__What you need to do__:
Report all lines in the records that hold the string "unfolding".

__Material supplied__:
(* Let $n \geq d \geq 1$, let $\bar{w}\in\mathbb{R}^d$, let $\bar{\pi}$ be a permutation of $[n]$, let $x_0,x_1,\dots,x_n$ be i.i.d.\ draws from $N(0,I_d)$, and set $y_0 := \bar{w}^\top x_0$, $y_i := \bar{w}^\top x_{\bar{\pi}(i)}$ for $i\in[n]$. Let $X = [x_1|\cdots|x_n]^\top\in\mathbb{R}^{n\times d}$, let $X^\dagger = [\tilde{x}_1|\cdots|\tilde{x}_n]$ be its Moore–Penrose pseudoinverse, and let $c_{i,j} := y_i\,\tilde{x}_j^\top x_0$ for $(i,j)\in[n]\times[n]$. Then $X$ has rank $d$ almost surely, and the set $\mathcal{S}_{\bar{\pi}} := \{(i,j)\in[n]\times[n] : \bar{\pi}(i) = j\}$ satisfies $y_0 = \sum_{(i,j)\in\mathcal{S}_{\bar{\pi}}} c_{i,j}$ (almost surely). *)

theory Defs
  imports "HOL-Probability.Probability"
begin

definition std_gaussian_density :: "real^'d \<Rightarrow> real" where
  "std_gaussian_density x = (2 * pi) powr (- real CARD('d) / 2) * exp (- (norm x)\<^sup>2 / 2)"

definition pseudoinverse :: "real^'m^'n \<Rightarrow> real^'n^'m" where
  "pseudoinverse A = (THE B. A ** B ** A = A \<and> B ** A ** B = B \<and>
      transpose (A ** B) = A ** B \<and> transpose (B ** A) = B ** A)"

end

theory Submission
  imports Defs
begin

text \<open>If \<open>X\<close> has full column rank \<open>d\<close>, the Gram matrix \<open>X\<^sup>T X\<close> is invertible and the
  pseudoinverse is the left inverse \<open>(X\<^sup>T X)\<^sup>-\<^sup>1 X\<^sup>T\<close>. Hence \<open>x\<^sub>0 = X\<^sup>T (X\<^sup>\<dagger>)\<^sup>T x\<^sub>0\<close>, i.e.
  \<open>w\<^sup>T x\<^sub>0 = \<Sum>\<^sub>j (w\<^sup>T x\<^sub>j) (x\<^sub>j'\<^sup>T x\<^sub>0)\<close> with \<open>x\<^sub>j'\<close> the columns of \<open>X\<^sup>\<dagger>\<close>, and reindexing
  along the bijection \<open>\<pi>\<close> turns this into the sum over \<open>S\<^sub>\<pi>\<close>. Full rank holds almost surely:
  adding the rows one at a time, each new Gaussian row is independent of the previous ones and
  has a density, so by Fubini it almost surely avoids their span, which is a Lebesgue null set
  as long as fewer than \<open>d\<close> rows have been added.\<close>

lemma span_rows_eq_range:
  fixes A :: "real^'d^'n"
  shows "span (rows A) = range (\<lambda>c. c v* A)"
proof
  have "rows A \<subseteq> range (\<lambda>c. c v* A)"
    by (metis columns_image_basis columns_transpose image_subsetI rangeI transpose_matrix_vector)
  moreover have "subspace (range (\<lambda>c. c v* A))"
    using linear_subspace_image[OF matrix_vector_mul_linear subspace_UNIV, of "transpose A"]
    by simp
  ultimately show "span (rows A) \<subseteq> range (\<lambda>c. c v* A)"
    by (rule span_minimal)
  show "range (\<lambda>c. c v* A) \<subseteq> span (rows A)"
    by (metis columns_transpose image_subsetI matrix_vector_mult_in_columnspace transpose_matrix_vector)
qed

lemma invertible_Gram_matrix:
  fixes X :: "real^'d^'n"
  assumes "rank X = CARD('d)"
  shows "invertible (transpose X ** X)"
proof -
  have "inj ((*v) (transpose X ** X))"
  proof (rule linear_injective_0[OF matrix_vector_mul_linear, THEN iffD2], intro allI impI)
    fix z assume "(transpose X ** X) *v z = 0"
    then have "(X *v z) \<bullet> (X *v z) = 0"
      by (metis dot_lmul_matrix inner_zero_right matrix_vector_mul_assoc vector_transpose_matrix)
    then show "z = 0"
      using assms full_rank_injective by (metis inner_eq_zero_iff injD matrix_vector_mult_0_right)
  qed
  then show ?thesis
    by (simp add: invertible_left_inverse matrix_left_invertible_injective)
qed

lemma inner_eq_sum_left_inverse:
  fixes X :: "real^'d^'n" and P :: "real^'n^'d"
  assumes "P ** X = mat 1"
  shows "w \<bullet> v = (\<Sum>j\<in>UNIV. (w \<bullet> X $ j) * (column j P \<bullet> v))"
proof -
  have "v = transpose X *v (transpose P *v v)"
    by (metis assms matrix_transpose_mul matrix_vector_mul_assoc matrix_vector_mul_lid transpose_mat)
  then have "w \<bullet> v = (X *v w) \<bullet> (transpose P *v v)"
    by (metis dot_lmul_matrix vector_transpose_matrix)
  also have "\<dots> = (\<Sum>j\<in>UNIV. (w \<bullet> X $ j) * (column j P \<bullet> v))"
    by (simp add: inner_vec_def matrix_vector_mult_def column_def transpose_def inner_commute mult_ac)
  finally show ?thesis .
qed

lemma pseudoinverse_full_column_rank:
  fixes X :: "real^'d^'n"
  assumes "rank X = CARD('d)"
  shows "pseudoinverse X ** X = mat 1"
proof -
  define G where "G = transpose X ** X"
  obtain Gi where GGi: "G ** Gi = mat 1" and GiG: "Gi ** G = mat 1"
    using invertible_Gram_matrix[OF assms] unfolding G_def invertible_def by blast
  have "transpose Gi ** G = mat 1"
    using GGi by (metis G_def matrix_transpose_mul transpose_mat transpose_transpose)
  then have Gi_sym: "transpose Gi = Gi"
    using GGi by (metis matrix_mul_assoc matrix_mul_lid matrix_mul_rid)
  define L where "L = Gi ** transpose X"
  have LX: "L ** X = mat 1"
    using GiG by (simp add: L_def G_def matrix_mul_assoc)
  have "pseudoinverse X = L"
    unfolding pseudoinverse_def
  proof (rule the_equality)
    have "X ** L ** X = X"
      by (simp add: LX flip: matrix_mul_assoc)
    moreover have "transpose (X ** L) = X ** L"
      by (simp add: L_def Gi_sym matrix_mul_assoc matrix_transpose_mul)
    ultimately show "X ** L ** X = X \<and> L ** X ** L = L \<and>
        transpose (X ** L) = X ** L \<and> transpose (L ** X) = L ** X"
      by (simp add: LX)
  next
    fix B
    assume "X ** B ** X = X \<and> B ** X ** B = B \<and>
        transpose (X ** B) = X ** B \<and> transpose (B ** X) = B ** X"
    then have XBX: "X ** B ** X = X" and XB_sym: "transpose (X ** B) = X ** B"
      by auto
    have "transpose X = transpose (X ** B ** X)"
      using XBX by simp
    also have "\<dots> = transpose X ** transpose (X ** B)"
      by (simp add: matrix_transpose_mul)
    also have "\<dots> = G ** B"
      using XB_sym by (simp add: G_def matrix_mul_assoc)
    finally have "Gi ** transpose X = Gi ** G ** B"
      by (simp add: matrix_mul_assoc)
    then show "B = L"
      using GiG by (simp add: L_def)
  qed
  with LX show ?thesis by simp
qed

lemma sum_graph_bij:
  assumes "bij \<pi>"
  shows "(\<Sum>(i, j) \<in> {(i, j). \<pi> i = j}. f (\<pi> i) j) = (\<Sum>j\<in>UNIV. f j j)"
proof -
  have "{(i, j). \<pi> i = j} = (\<lambda>i. (i, \<pi> i)) ` UNIV" by auto
  then have "(\<Sum>(i, j) \<in> {(i, j). \<pi> i = j}. f (\<pi> i) j) = (\<Sum>i\<in>UNIV. f (\<pi> i) (\<pi> i))"
    by (simp add: sum.reindex inj_on_def)
  also have "\<dots> = (\<Sum>j\<in>UNIV. f j j)"
    using sum.reindex_bij_betw[OF assms] .
  finally show ?thesis .
qed

lemma borel_span_rows:
  "{p :: (real^'d^'n) \<times> (real^'d). snd p \<in> span (rows (fst p))} \<in> sets borel" (is "?S \<in> _")
proof -
  define g :: "(real^'d^'n) \<times> (real^'n) \<Rightarrow> (real^'d^'n) \<times> (real^'d)"
    where "g q = (fst q, snd q v* fst q)" for q
  have "?S = g ` UNIV"
    by (auto simp: g_def span_rows_eq_range image_iff prod_eq_iff)
  also have "\<dots> = g ` (\<Union>k::nat. cball 0 (real k))"
    by (auto simp: real_arch_simple)
  also have "\<dots> = (\<Union>k::nat. g ` cball 0 (real k))"
    by (rule image_UN)
  finally have "?S = (\<Union>k::nat. g ` cball 0 (real k))" .
  moreover have "compact (g ` cball 0 (real k))" for k :: nat
    unfolding g_def vector_matrix_mult_def by (intro compact_continuous_image continuous_intros) auto
  ultimately show ?thesis
    by (simp add: borel_closed compact_imp_closed sets.countable_UN)
qed

lemma span_lowdim_null_sets:
  fixes T :: "'a::euclidean_space set"
  assumes "dim T < DIM('a)"
  shows "span T \<in> null_sets lborel"
proof -
  have "negligible (span T)"
    using assms by (intro negligible_lowdim) (simp add: dim_span)
  then show ?thesis
    using borel_closed[OF closed_span[of T]]
    by (simp add: negligible_iff_null_sets null_sets_completion_iff)
qed

lemma distributed_vimage_span_null:
  fixes Z :: "'a \<Rightarrow> 'b::euclidean_space"
  assumes "distributed M lborel Z f" and "dim T < DIM('b)"
  shows "Z -` span T \<inter> space M \<in> null_sets M"
proof -
  have "span T \<in> null_sets lborel"
    using assms(2) by (rule span_lowdim_null_sets)
  then have "span T \<in> null_sets (distr M lborel Z)"
    using absolutely_continuousI_density[OF distributed_borel_measurable[OF assms(1)]]
    by (auto simp: distributed_distr_eq_density[OF assms(1)] absolutely_continuous_def)
  then show ?thesis
    using distributed_measurable[OF assms(1)] by (simp add: null_sets_distr_iff)
qed

lemma (in prob_space) AE_notin_indep_var:
  assumes indep: "indep_var N X K Z" and S: "S \<in> sets (N \<Otimes>\<^sub>M K)"
    and null: "\<And>\<omega>. \<omega> \<in> space M \<Longrightarrow> Pair (X \<omega>) -` S \<in> null_sets (distr M K Z)"
  shows "AE \<omega> in M. (X \<omega>, Z \<omega>) \<notin> S"
proof -
  have X: "X \<in> measurable M N" and Z: "Z \<in> measurable M K"
    and joint: "distr M N X \<Otimes>\<^sub>M distr M K Z = distr M (N \<Otimes>\<^sub>M K) (\<lambda>\<omega>. (X \<omega>, Z \<omega>))"
    using indep_var_distribution_eq indep by blast+
  interpret Z: prob_space "distr M K Z"
    by (rule prob_space_distr[OF Z])
  have XZ: "(\<lambda>\<omega>. (X \<omega>, Z \<omega>)) \<in> measurable M (N \<Otimes>\<^sub>M K)"
    using X Z by (rule measurable_Pair)
  have "emeasure M ((\<lambda>\<omega>. (X \<omega>, Z \<omega>)) -` S \<inter> space M)
      = emeasure (distr M N X \<Otimes>\<^sub>M distr M K Z) S"
    using S XZ by (simp add: joint emeasure_distr)
  also have "\<dots> = (\<integral>\<^sup>+u. emeasure (distr M K Z) (Pair u -` S) \<partial>distr M N X)"
    using S by (simp add: Z.emeasure_pair_measure_alt)
  also have "\<dots> = (\<integral>\<^sup>+\<omega>. emeasure (distr M K Z) (Pair (X \<omega>) -` S) \<partial>M)"
    using S X by (intro nn_integral_distr Z.measurable_emeasure_Pair) auto
  also have "\<dots> = (\<integral>\<^sup>+\<omega>. 0 \<partial>M)"
    using null by (intro nn_integral_cong) (simp add: null_setsD1)
  also have "\<dots> = 0"
    by simp
  finally show ?thesis
    using S XZ by (intro AE_I'[where N = "(\<lambda>\<omega>. (X \<omega>, Z \<omega>)) -` S \<inter> space M"]) auto
qed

__Result__:
    using invertible_Gram_matrix[OF assms] unfolding G_def invertible_def by blast
    unfolding pseudoinverse_def
    unfolding g_def vector_matrix_mult_def by (intro compact_continuous_image continuous_intros) auto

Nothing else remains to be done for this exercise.